Конечно, здесь нет той страстности и художественной динамики, присущих пушкинскому "Пророку". Тон лирического повествования и призыва у Ершова более спокоен, хотя и не лишен возвышенной эмоциональности. Первые две строки этой строфы напоминают евангельскую притчу о воскрешении Иисусом Христом сына вдовы: "Увидев ее, Господь сжалился над нею и сказал ей: не плачь. / И подошед прикоснулся к одру; несшие остановились; и Он сказал: юноша! Тебе говорю, встань. / Мертвый поднявшись сел и стал говорить; и отдал его Иисус матери его" (Лук. 7, 13–15). Последующие строки перекликаются с 34-й главой из Второй книги Моисеевой Исход, где описывается встреча народа с Богом, передавшим через Моисея "закон", представлявший собой общую ветхозаветную религиозную систему ("И сказал Господь Моисею: вытеши себе две скрижали каменные, подобные прежним, и Я напишу на сих скрижалях слова, какие были на прежних скрижалях, которые ты разбил". – Исх. 34, 1).

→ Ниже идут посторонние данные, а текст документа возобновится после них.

definition roots_ind :: "('k::field \<Rightarrow> 'x::ab_group_add \<Rightarrow> 'x) \<Rightarrow> 'x set \<Rightarrow> 'x set" where
  "roots_ind scX D = (D - {0}) - {scX 2 \<beta> | \<beta>. \<beta> \<in> D - {0}}"

definition zsc :: "int \<Rightarrow> 'g::ab_group_add \<Rightarrow> 'g" where
  "zsc n g = (if 0 \<le> n then (\<Sum>_\<in>{..<nat n}. g) else - (\<Sum>_\<in>{..<nat (- n)}. g))"

definition fg_free_abelian_type :: "'g::ab_group_add itself \<Rightarrow> bool" where
  "fg_free_abelian_type _ \<longleftrightarrow>
     (\<exists>(n::nat) (b::nat \<Rightarrow> 'g). \<forall>g::'g. \<exists>!c::nat \<Rightarrow> int.
        (\<forall>i\<ge>n. c i = 0) \<and> g = (\<Sum>i<n. zsc (c i) (b i)))"

definition lie_algebra :: "('k::field \<Rightarrow> 'L::ab_group_add \<Rightarrow> 'L) \<Rightarrow> ('L \<Rightarrow> 'L \<Rightarrow> 'L) \<Rightarrow> bool" where
  "lie_algebra scL br \<longleftrightarrow> vector_space scL \<and>
     (\<forall>x. Vector_Spaces.linear scL scL (br x)) \<and>
     (\<forall>y. Vector_Spaces.linear scL scL (\<lambda>x. br x y)) \<and>
     (\<forall>x. br x x = 0) \<and>
     (\<forall>x y z. br x (br y z) + br y (br z x) + br z (br x y) = 0)"

definition graded_decomp :: "('x \<Rightarrow> 'g \<Rightarrow> 'L::ab_group_add set) \<Rightarrow> 'L \<Rightarrow> ('x \<times> 'g \<Rightarrow> 'L) \<Rightarrow> bool" where
  "graded_decomp Lg x c \<longleftrightarrow> finite {p. c p \<noteq> 0} \<and> (\<forall>p. c p \<in> Lg (fst p) (snd p)) \<and>
     x = (\<Sum>p\<in>{p. c p \<noteq> 0}. c p)"

definition is_grading :: "('k::field \<Rightarrow> 'L::ab_group_add \<Rightarrow> 'L) \<Rightarrow> ('L \<Rightarrow> 'L \<Rightarrow> 'L) \<Rightarrow>
    ('x::ab_group_add \<Rightarrow> 'g::ab_group_add \<Rightarrow> 'L set) \<Rightarrow> bool" where
  "is_grading scL br Lg \<longleftrightarrow>
     (\<forall>a l. module.subspace scL (Lg a l)) \<and>
     (\<forall>x. \<exists>!c. graded_decomp Lg x c) \<and>
     (\<forall>a b l m. \<forall>u\<in>Lg a l. \<forall>v\<in>Lg b m. br u v \<in> Lg (a + b) (l + m))"

definition Lroot :: "('x \<Rightarrow> 'g \<Rightarrow> 'L::ab_group_add set) \<Rightarrow> 'x \<Rightarrow> 'L set" where
  "Lroot Lg a = {x. \<exists>c. graded_decomp Lg x c \<and> (\<forall>p. c p \<noteq> 0 \<longrightarrow> fst p = a)}"

definition Ldeg :: "('x \<Rightarrow> 'g \<Rightarrow> 'L::ab_group_add set) \<Rightarrow> 'g \<Rightarrow> 'L set" where
  "Ldeg Lg l = {x. \<exists>c. graded_decomp Lg x c \<and> (\<forall>p. c p \<noteq> 0 \<longrightarrow> snd p = l)}"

Конечно, Ершов по-своему передает атмосферу и суть библейского события, однако нельзя отрицать ассоциативные связи его стихотворного текста с вдохновенным религиозным источником, с тем, что читаем в Священном Писании: "Гора же Синай вся дымилась от того, что Господь сошел на нее в огне; и восходил от нее дым, как дым из печи, и вся гора сильно колебалась. / И звук трубный становился сильнее и сильнее. Моисей говорил, и Бог отвечал ему голосом. / И сошел Господь на гору Синай, на вершину горы, и призвал Господь Моисея на вершину горы, и взошел Моисей. / И сказал Господь Моисею: сойди, и подтверди народу, чтобы он не порывался к Господу видеть Его, и чтобы не пали многие из него; / Священники же, приближающиеся к Господу, должны освятить себя, чтобы не поразил их Господь. / И сказал Моисей Господу: не может народ взойти на гору Синай; потому что Ты предостерег нас, сказав: проведи черту вокруг горы и освяти ее. / И Господь сказал ему: пойди, сойди, потом взойди ты и с тобою Аарон; а священники и народ да не порываются восходить к Господу, чтобы не поразил их. / И сошел Моисей к народу, и пересказал ему" (Исх. 19, 18–25).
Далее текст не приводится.